=== Begin Enclosure ===
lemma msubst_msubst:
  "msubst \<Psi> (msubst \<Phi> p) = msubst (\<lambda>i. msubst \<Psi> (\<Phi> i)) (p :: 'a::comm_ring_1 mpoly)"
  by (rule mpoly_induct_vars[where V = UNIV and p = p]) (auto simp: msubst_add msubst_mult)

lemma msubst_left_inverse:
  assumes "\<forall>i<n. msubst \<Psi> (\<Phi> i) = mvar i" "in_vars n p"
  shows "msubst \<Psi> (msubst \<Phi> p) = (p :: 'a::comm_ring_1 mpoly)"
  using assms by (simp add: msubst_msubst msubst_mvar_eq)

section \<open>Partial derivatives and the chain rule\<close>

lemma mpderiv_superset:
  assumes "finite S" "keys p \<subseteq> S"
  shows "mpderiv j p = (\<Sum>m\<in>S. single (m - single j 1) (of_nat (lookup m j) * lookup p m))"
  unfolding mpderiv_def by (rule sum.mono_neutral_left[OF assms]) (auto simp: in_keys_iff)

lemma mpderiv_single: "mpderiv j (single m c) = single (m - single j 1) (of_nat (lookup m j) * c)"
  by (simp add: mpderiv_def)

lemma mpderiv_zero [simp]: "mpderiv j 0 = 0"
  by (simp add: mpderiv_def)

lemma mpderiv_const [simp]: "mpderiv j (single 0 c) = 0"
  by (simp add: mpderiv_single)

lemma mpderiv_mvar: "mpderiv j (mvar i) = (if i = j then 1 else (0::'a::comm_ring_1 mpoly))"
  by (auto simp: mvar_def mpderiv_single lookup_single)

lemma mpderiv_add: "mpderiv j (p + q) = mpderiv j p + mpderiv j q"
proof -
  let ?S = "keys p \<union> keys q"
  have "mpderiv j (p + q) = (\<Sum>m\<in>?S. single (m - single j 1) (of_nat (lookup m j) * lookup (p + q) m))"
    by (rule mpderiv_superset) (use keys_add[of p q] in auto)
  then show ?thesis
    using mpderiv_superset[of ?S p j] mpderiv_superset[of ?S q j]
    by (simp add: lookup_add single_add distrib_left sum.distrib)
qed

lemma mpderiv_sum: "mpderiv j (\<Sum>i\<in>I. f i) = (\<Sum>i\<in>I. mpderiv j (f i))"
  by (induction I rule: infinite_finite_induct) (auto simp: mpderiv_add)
=== End Enclosure ===
→ **WHAT YOU ARE ASKED TO DO**: For this exercise, transcribe all the records exactly.

→ **RESPONSE FOR THIS EXERCISE**:
lemma msubst_msubst:
  "msubst \<Psi> (msubst \<Phi> p) = msubst (\<lambda>i. msubst \<Psi> (\<Phi> i)) (p :: 'a::comm_ring_1 mpoly)"
  by (rule mpoly_induct_vars[where V = UNIV and p = p]) (auto simp: msubst_add msubst_mult)

lemma msubst_left_inverse:
  assumes "\<forall>i<n. msubst \<Psi> (\<Phi> i) = mvar i" "in_vars n p"
  shows "msubst \<Psi> (msubst \<Phi> p) = (p :: 'a::comm_ring_1 mpoly)"
  using assms by (simp add: msubst_msubst msubst_mvar_eq)

section \<open>Partial derivatives and the chain rule\<close>

lemma mpderiv_superset:
  assumes "finite S" "keys p \<subseteq> S"
  shows "mpderiv j p = (\<Sum>m\<in>S. single (m - single j 1) (of_nat (lookup m j) * lookup p m))"
  unfolding mpderiv_def by (rule sum.mono_neutral_left[OF assms]) (auto simp: in_keys_iff)

lemma mpderiv_single: "mpderiv j (single m c) = single (m - single j 1) (of_nat (lookup m j) * c)"
  by (simp add: mpderiv_def)

lemma mpderiv_zero [simp]: "mpderiv j 0 = 0"
  by (simp add: mpderiv_def)

lemma mpderiv_const [simp]: "mpderiv j (single 0 c) = 0"
  by (simp add: mpderiv_single)

lemma mpderiv_mvar: "mpderiv j (mvar i) = (if i = j then 1 else (0::'a::comm_ring_1 mpoly))"
  by (auto simp: mvar_def mpderiv_single lookup_single)

lemma mpderiv_add: "mpderiv j (p + q) = mpderiv j p + mpderiv j q"
proof -
  let ?S = "keys p \<union> keys q"
  have "mpderiv j (p + q) = (\<Sum>m\<in>?S. single (m - single j 1) (of_nat (lookup m j) * lookup (p + q) m))"
    by (rule mpderiv_superset) (use keys_add[of p q] in auto)
  then show ?thesis
    using mpderiv_superset[of ?S p j] mpderiv_superset[of ?S q j]
    by (simp add: lookup_add single_add distrib_left sum.distrib)
qed

lemma mpderiv_sum: "mpderiv j (\<Sum>i\<in>I. f i) = (\<Sum>i\<in>I. mpderiv j (f i))"
  by (induction I rule: infinite_finite_induct) (auto simp: mpderiv_add)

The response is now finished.